2:45-4:15 pm there is a workshop on ‘Perception of Temporal Response and Resolution in Time Domain.’ Last year we published an article in the Journal of the Audio Engineering Society  on ‘A meta-analysis of high resolution audio perceptual evaluation.’ There’s a blog entry about it too. The research showed very strong evidence that people can hear a difference between high resolution audio and standard, CD quality audio. But this brings up the question of why? Many people have suggested that the fine temporal resolution of oversampled audio might be perceived. I expect that this Workshop will shed some light on this as yet unresolved question.

Overlapping that workshop, there are some interesting posters from 3 to 6 pm. ‘Mathematical Model of the Acoustic Signal Generated by the Combustion Engine‘ is about synthesis of engine sounds, specifically for electric motorbikes. We are doing a lot of sound synthesis research here, and so are always on the lookout for new approaches and new models. ‘A Study on Audio Signal Processed by “Instant Mastering” Services‘ investigates the effects applied to ten songs by various online, automatic mastering platforms. One of those platforms, LandR, was a high tech spin-out from our research a few years ago, so we’ll be very interested in what they found.

For those willing to get up bright and early Sunday morning, there’s a 9 am panel on ‘Audio Education—What Does the Future Hold,’ where I will be one of the panellists. It should have some pretty lively discussion.

Then there’s some interesting posters from 9:30 to 12:30. We’ve done a lot of work on new interfaces for audio mixing, so will be quite interested in ‘The Mixing Glove and Leap Motion Controller: Exploratory Research and Development of Gesture Controllers for Audio Mixing.’ And returning to the subject of high resolution audio, there is ‘Discussion on Subjective Characteristics of High Resolution Audio,’ by Mitsunori Mizumachi. Mitsunori was kind enough to give me details about his data and experiments in hi-res audio, which I then used in the meta-analysis paper. He’ll also be looking at what factors affect high resolution audio perception.

From 10:45 to 12:15, our own Brecht De Man will be chairing and speaking in a Workshop on ‘New Developments in Listening Test Design.’ He’s quite a leader in this field, and has developed some great software that makes the set up, running and analysis of listening tests much simpler and still rigorous.

From 1 to 2 pm, there is the meeting of the Technical Committee on High Resolution Audio, of which I am co-chair along with Vicki Melchior. The Technical Committee aims for comprehensive understanding of high resolution audio technology in all its aspects. The meeting is open to all, so for those at the Convention, feel free to stop by.
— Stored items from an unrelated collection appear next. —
(* Let $(\mathcal{S},\mathcal{R})$ be an $r$-complete positive presentation. Then the monoid $\mathrm{Mon}(\mathcal{S};\mathcal{R})$ admits left cancellation (i.e. $xy=xz$ implies $y=z$) if and only if $u^{-1}v\curvearrowright_r\varepsilon$ holds for every relation of $\mathcal{R}$ of the form $su=sv$ with $s\in\mathcal{S}$ and $u,v\in\mathcal{S}^*$. In particular, a sufficient condition for $\mathrm{Mon}(\mathcal{S};\mathcal{R})$ to admit left cancellation is that $\mathcal{R}$ contains no relation $su=sv$ with $s\in\mathcal{S}$ and $u\neq v$.
   Context: A positive presentation is a pair $(\mathcal{S},\mathcal{R})$ where $\mathcal{S}$ is a nonempty set of letters and $\mathcal{R}$ is a family of relations $u=v$, i.e. unordered pairs $\{u,v\}$ of nonempty words in the free monoid $\mathcal{S}^*$. $\varepsilon$ denotes the empty word; $\equiv$ is the smallest congruence on $\mathcal{S}^*$ containing all pairs of $\mathcal{R}$, and $\mathrm{Mon}(\mathcal{S};\mathcal{R})=\mathcal{S}^*/{\equiv}$. Let $\mathcal{S}^{-1}=\{s^{-1}:s\in\mathcal{S}\}$ be a disjoint copy of $\mathcal{S}$; for $u\in\mathcal{S}^*$, $u^{-1}$ is obtained by reversing the order of the letters of $u$ and replacing each $s$ by $s^{-1}$. Right reversing: for words $\mathbf{w},\mathbf{w}'$ on $\mathcal{S}\cup\mathcal{S}^{-1}$ we write $\mathbf{w}\curvearrowright_r\mathbf{w}'$ if $\mathbf{w}'$ is obtained from $\mathbf{w}$ by a finite (possibly empty) sequence of steps, each of which either deletes a subword $u^{-1}u$ with $u\in\mathcal{S}^*$ nonempty, or replaces a subword $u^{-1}v$ with $u,v\in\mathcal{S}^*$ nonempty by a word $v'u'^{-1}$ with $u',v'\in\mathcal{S}^*$ such that $uv'=vu'$ is a relation of $\mathcal{R}$. $(\mathcal{S},\mathcal{R})$ is $r$-complete if for all $u,v,u',v'\in\mathcal{S}^*$ with $uv'\equiv vu'$ there exist $u'',v'',w\in\mathcal{S}^*$ with $u^{-1}v\curvearrowright_r v''u''^{-1}$, $u'\equiv u''w$ and $v'\equiv v''w$. *)

theory Defs
  imports Main
begin

(* The alphabet S is the (nonempty) type 'a; words in S^* are 'a lists.
   A family of relations is a set of pairs R; a pair (u,v) in R stands for
   the unordered relation u = v. *)

definition is_rel :: "('a list \<times> 'a list) set \<Rightarrow> 'a list \<Rightarrow> 'a list \<Rightarrow> bool" where
  "is_rel R u v \<longleftrightarrow> (u, v) \<in> R \<or> (v, u) \<in> R"

definition positive_presentation :: "('a list \<times> 'a list) set \<Rightarrow> bool" where
  "positive_presentation R \<longleftrightarrow> (\<forall>(u, v) \<in> R. u \<noteq> [] \<and> v \<noteq> [])"

inductive req :: "('a list \<times> 'a list) set \<Rightarrow> 'a list \<Rightarrow> 'a list \<Rightarrow> bool" for R where
  req_rel: "(u, v) \<in> R \<Longrightarrow> req R u v"
| req_refl: "req R w w"
| req_sym: "req R u v \<Longrightarrow> req R v u"
| req_trans: "req R u v \<Longrightarrow> req R v w \<Longrightarrow> req R u w"
| req_cong: "req R u v \<Longrightarrow> req R (x @ u @ y) (x @ v @ y)"

definition left_cancellative :: "('a list \<times> 'a list) set \<Rightarrow> bool" where
  "left_cancellative R \<longleftrightarrow> (\<forall>x y z. req R (x @ y) (x @ z) \<longrightarrow> req R y z)"

(* signed words: (s, True) is s, (s, False) is s^{-1} *)
definition pos :: "'a list \<Rightarrow> ('a \<times> bool) list" where
  "pos u = map (\<lambda>s. (s, True)) u"

definition neg :: "'a list \<Rightarrow> ('a \<times> bool) list" where
  "neg u = rev (map (\<lambda>s. (s, False)) u)"

inductive rev_step :: "('a list \<times> 'a list) set \<Rightarrow> ('a \<times> bool) list \<Rightarrow> ('a \<times> bool) list \<Rightarrow> bool"
  for R where
  rev_del: "u \<noteq> [] \<Longrightarrow> rev_step R (x @ neg u @ pos u @ y) (x @ y)"
| rev_rep: "u \<noteq> [] \<Longrightarrow> v \<noteq> [] \<Longrightarrow> is_rel R (u @ v') (v @ u') \<Longrightarrow>
            rev_step R (x @ neg u @ pos v @ y) (x @ pos v' @ neg u' @ y)"

definition rreverses :: "('a list \<times> 'a list) set \<Rightarrow> ('a \<times> bool) list \<Rightarrow> ('a \<times> bool) list \<Rightarrow> bool" where
  "rreverses R = (rev_step R)\<^sup>*\<^sup>*"

definition r_complete :: "('a list \<times> 'a list) set \<Rightarrow> bool" where
  "r_complete R \<longleftrightarrow>
     (\<forall>u v u' v'. req R (u @ v') (v @ u') \<longrightarrow>
        (\<exists>u'' v'' w. rreverses R (neg u @ pos v) (pos v'' @ neg u'')
                     \<and> req R u' (u'' @ w) \<and> req R v' (v'' @ w)))"

end

theory Submission
  imports Defs
begin

text \<open>
  Right reversing is sound: interpreting a signed word \<open>w\<close> as the relation ``\<open>x w \<equiv> y\<close>'' on
  \<open>S\<^sup>*\<close>, with \<open>s\<^sup>-\<^sup>1\<close> acting as right division by \<open>s\<close>, every reversing step preserves that
  relation, so \<open>u\<^sup>-\<^sup>1v \<curvearrowright>\<^sub>r v''u''\<^sup>-\<^sup>1\<close> yields \<open>uv'' \<equiv> vu''\<close>.
  For left cancellation it suffices to cancel one letter \<open>s\<close>. By \<open>r\<close>-completeness an equivalence
  \<open>su \<equiv> sv\<close> is witnessed by a reversal of \<open>s\<^sup>-\<^sup>1s\<close>, which is either deleted or replaced, in one
  final step, by \<open>v''u''\<^sup>-\<^sup>1\<close> for a relation \<open>sv'' = su''\<close>; the hypothesis on such relations
  and soundness give \<open>v'' \<equiv> u''\<close>, hence \<open>u \<equiv> v''w \<equiv> u''w \<equiv> v\<close>.
  Conversely, if the monoid is left cancellative, a relation \<open>su = sv\<close> gives \<open>u \<equiv> v\<close>, and
  \<open>r\<close>-completeness with \<open>u' = v' = \<epsilon>\<close> forces \<open>u\<^sup>-\<^sup>1v\<close> to reverse to \<open>\<epsilon>\<close>, because in a positive
  presentation only \<open>\<epsilon>\<close> is equivalent to \<open>\<epsilon>\<close>.
\<close>

lemma req_append_right: "req R a b \<Longrightarrow> req R (a @ w) (b @ w)"
  using req_cong[of R a b "[]" w] by simp

lemma req_append_left: "req R a b \<Longrightarrow> req R (w @ a) (w @ b)"
  using req_cong[of R a b w "[]"] by simp

lemma is_rel_imp_req: "is_rel R u v \<Longrightarrow> req R u v"
  unfolding is_rel_def by (auto intro: req_rel req_sym)

lemma req_Nil_iff:
  assumes "positive_presentation R" and "req R a b"
  shows "a = [] \<longleftrightarrow> b = []"
  using assms(2)
proof (induction rule: req.induct)
  case (req_rel u v)
  then show ?case using assms(1) unfolding positive_presentation_def by auto
qed auto

fun signed_rel :: "('a list \<times> 'a list) set \<Rightarrow> ('a \<times> bool) list \<Rightarrow> 'a list \<Rightarrow> 'a list \<Rightarrow> bool" where
  "signed_rel R [] x y \<longleftrightarrow> req R x y"
| "signed_rel R ((s, b) # w) x y \<longleftrightarrow>
     (if b then signed_rel R w (x @ [s]) y else (\<exists>z. req R x (z @ [s]) \<and> signed_rel R w z y))"

lemma signed_rel_req: "signed_rel R w x y \<Longrightarrow> req R x x' \<Longrightarrow> signed_rel R w x' y"
proof (induction w arbitrary: x x')
  case Nil
  then show ?case by (auto intro: req_trans req_sym)
next
  case (Cons p w)
  show ?case
  proof (cases p)
    case (Pair s b)
    then show ?thesis
      using Cons by (cases b) (auto intro: req_append_right, meson req_sym req_trans)
  qed
qed

lemma signed_rel_append:
  "signed_rel R (w1 @ w2) x y \<longleftrightarrow> (\<exists>m. signed_rel R w1 x m \<and> signed_rel R w2 m y)"
proof (induction w1 arbitrary: x)
  case Nil
  then show ?case by (auto intro: signed_rel_req req_sym req_refl)
next
  case (Cons p w)
  then show ?case by (cases p) auto
qed

lemma signed_rel_pos: "signed_rel R (pos v) x y \<longleftrightarrow> req R (x @ v) y"
  unfolding pos_def by (induction v arbitrary: x) auto

lemma signed_rel_neg: "signed_rel R (neg u) x y \<longleftrightarrow> req R x (y @ u)"
proof (induction u arbitrary: x rule: rev_induct)
  case Nil
  then show ?case by (simp add: neg_def)
next
  case (snoc s u)
  have "neg (u @ [s]) = (s, False) # neg u" by (simp add: neg_def)
  then have "signed_rel R (neg (u @ [s])) x y \<longleftrightarrow> (\<exists>z. req R x (z @ [s]) \<and> req R z (y @ u))"
    using snoc by simp
  also have "\<dots> \<longleftrightarrow> req R x (y @ u @ [s])"
    by (metis append.assoc req_append_right req_refl req_trans)
  finally show ?case by simp
qed

lemma signed_rel_neg_pos: "signed_rel R (neg u @ pos v) x y \<longleftrightarrow> (\<exists>m. req R x (m @ u) \<and> req R (m @ v) y)"
  by (simp add: signed_rel_append signed_rel_pos signed_rel_neg)

lemma signed_rel_pos_neg: "signed_rel R (pos v @ neg u) x y \<longleftrightarrow> req R (x @ v) (y @ u)"
  by (auto simp: signed_rel_append signed_rel_pos signed_rel_neg intro: req_trans req_refl)

lemma signed_rel_infix:
  assumes "\<And>x y. signed_rel R w x y \<Longrightarrow> signed_rel R w' x y"
    and "signed_rel R (a @ w @ b) x y"
  shows "signed_rel R (a @ w' @ b) x y"
  using assms by (meson signed_rel_append)

lemma rev_step_signed_rel: "rev_step R w w' \<Longrightarrow> signed_rel R w x y \<Longrightarrow> signed_rel R w' x y"
proof (induction rule: rev_step.induct)
  case (rev_del u a b)
  have "signed_rel R [] m1 m2" if "signed_rel R (neg u @ pos u) m1 m2" for m1 m2
    using that by (auto simp: signed_rel_neg_pos intro: req_trans)
  with rev_del show ?case using signed_rel_infix[of R "neg u @ pos u" "[]" a b] by simp
next
  case (rev_rep u v v' u' a b)
  have "signed_rel R (pos v' @ neg u') m1 m2" if "signed_rel R (neg u @ pos v) m1 m2" for m1 m2
  proof -
    from that obtain m where "req R m1 (m @ u)" "req R (m @ v) m2"
      by (auto simp: signed_rel_neg_pos)
    then have "req R (m1 @ v') (m @ u @ v')"
      and "req R (m @ u @ v') (m @ v @ u')"
      and "req R (m @ v @ u') (m2 @ u')"
      using req_append_right req_append_left[OF is_rel_imp_req[OF rev_rep(3)]] by fastforce+
    then show ?thesis by (auto simp: signed_rel_pos_neg intro: req_trans)
  qed
  with rev_rep show ?case using signed_rel_infix[of R "neg u @ pos v" "pos v' @ neg u'" a b] by simp
qed

lemma rreverses_signed_rel: "rreverses R w w' \<Longrightarrow> signed_rel R w x y \<Longrightarrow> signed_rel R w' x y"
  unfolding rreverses_def by (induction rule: rtranclp_induct) (auto intro: rev_step_signed_rel)

lemma rreverses_imp_req:
  assumes "rreverses R (neg u @ pos v) (pos v'' @ neg u'')"
  shows "req R (u @ v'') (v @ u'')"
proof -
  have "signed_rel R (neg u @ pos v) u v"
    by (auto simp: signed_rel_neg_pos intro!: exI[of _ "[]"] req_refl)
  with assms show ?thesis
    by (auto simp: signed_rel_pos_neg dest: rreverses_signed_rel)
qed

lemma rreverses_Nil_imp_req: "rreverses R (neg u @ pos v) [] \<Longrightarrow> req R u v"
  using rreverses_imp_req[of R u v "[]" "[]"] by (simp add: pos_def neg_def)

lemma rreverses_neg_pos_self: "rreverses R (neg u @ pos u) []"
proof (cases "u = []")
  case True
  then show ?thesis by (simp add: pos_def neg_def rreverses_def)
next
  case False
  then have "rev_step R ([] @ neg u @ pos u @ []) ([] @ [])" by (rule rev_step.rev_del)
  then show ?thesis by (simp add: rreverses_def)
qed

lemma pos_neg_irreducible: "\<not> rev_step R (pos a @ neg b) t"
proof
  assume "rev_step R (pos a @ neg b) t"
  then obtain x u v y where eq: "pos a @ neg b = x @ neg u @ pos v @ y" and "u \<noteq> []" "v \<noteq> []"
    by (cases rule: rev_step.cases) auto
  then obtain c u0 d v0 where "u = c # u0" "v = d # v0"
    by (meson neq_Nil_conv)
  with eq have "pos a @ neg b = (x @ neg u0) @ [(c, False), (d, True)] @ (pos v0 @ y)"
    by (simp add: pos_def neg_def)
  moreover have "sorted (map (\<lambda>p. \<not> snd p) (pos a @ neg b))"
    by (simp add: pos_def neg_def sorted_append rev_map o_def map_replicate_const)
  ultimately show False by (simp add: sorted_append)
qed

lemma Nil_irreducible: "\<not> rev_step R [] t"
  using pos_neg_irreducible[of R "[]" "[]"] by (simp add: pos_def neg_def)

lemma pos_neg_inject: "pos a @ neg b = pos c @ neg d \<Longrightarrow> a = c \<and> b = d"
proof -
  have split: "takeWhile snd (pos a @ neg b) = pos a" "dropWhile snd (pos a @ neg b) = neg b" for a b
    by (cases b rule: rev_cases; simp add: pos_def neg_def takeWhile_append dropWhile_append)+
  have inj: "inj pos" "inj neg"
    by (auto simp: inj_def pos_def neg_def)
  assume "pos a @ neg b = pos c @ neg d"
  then show ?thesis using split[of a b] split[of c d] inj by (metis injD)
qed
Sunday evening at 6:30 is the Heyser lecture. This is quite prestigious, a big talk by one of the eminent people in the field. This one is given by Jorg Sennheiser of, well, Sennheiser Electronic.

Monday morning 10:45-12:15, there’s a tutorial on ‘Developing Novel Audio Algorithms and Plugins – Moving Quickly from Ideas to Real-time Prototypes,’ given by Mathworks, the company behind Matlab. They have a great new toolbox for audio plugin development, which should make life a bit simpler for all those students and researchers who know Matlab well and want to demo their work in an audio workstation.

Again in the mixing interface department, we look forward to hearing about ‘Formal Usability Evaluation of Audio Track Widget Graphical Representation for Two-Dimensional Stage Audio Mixing Interface‘ on Tuesday, 11-11:30. The authors gave us a taste of this work at the Workshop on Intelligent Music Production which our group hosted last September.

In the same session – which is all about ‘Recording and Live Sound‘ so very close to home – a new approach to acoustic feedback suppression is discussed in ‘Using a Speech Codec to Suppress Howling in Public Address Systems‘, 12-12:30. With several past projects on gain optimization for live sound, we are curious to hear (or not hear) the results!

The full program can be explored on the AES Convention planner or the Convention website. Come say hi to us if you’re there!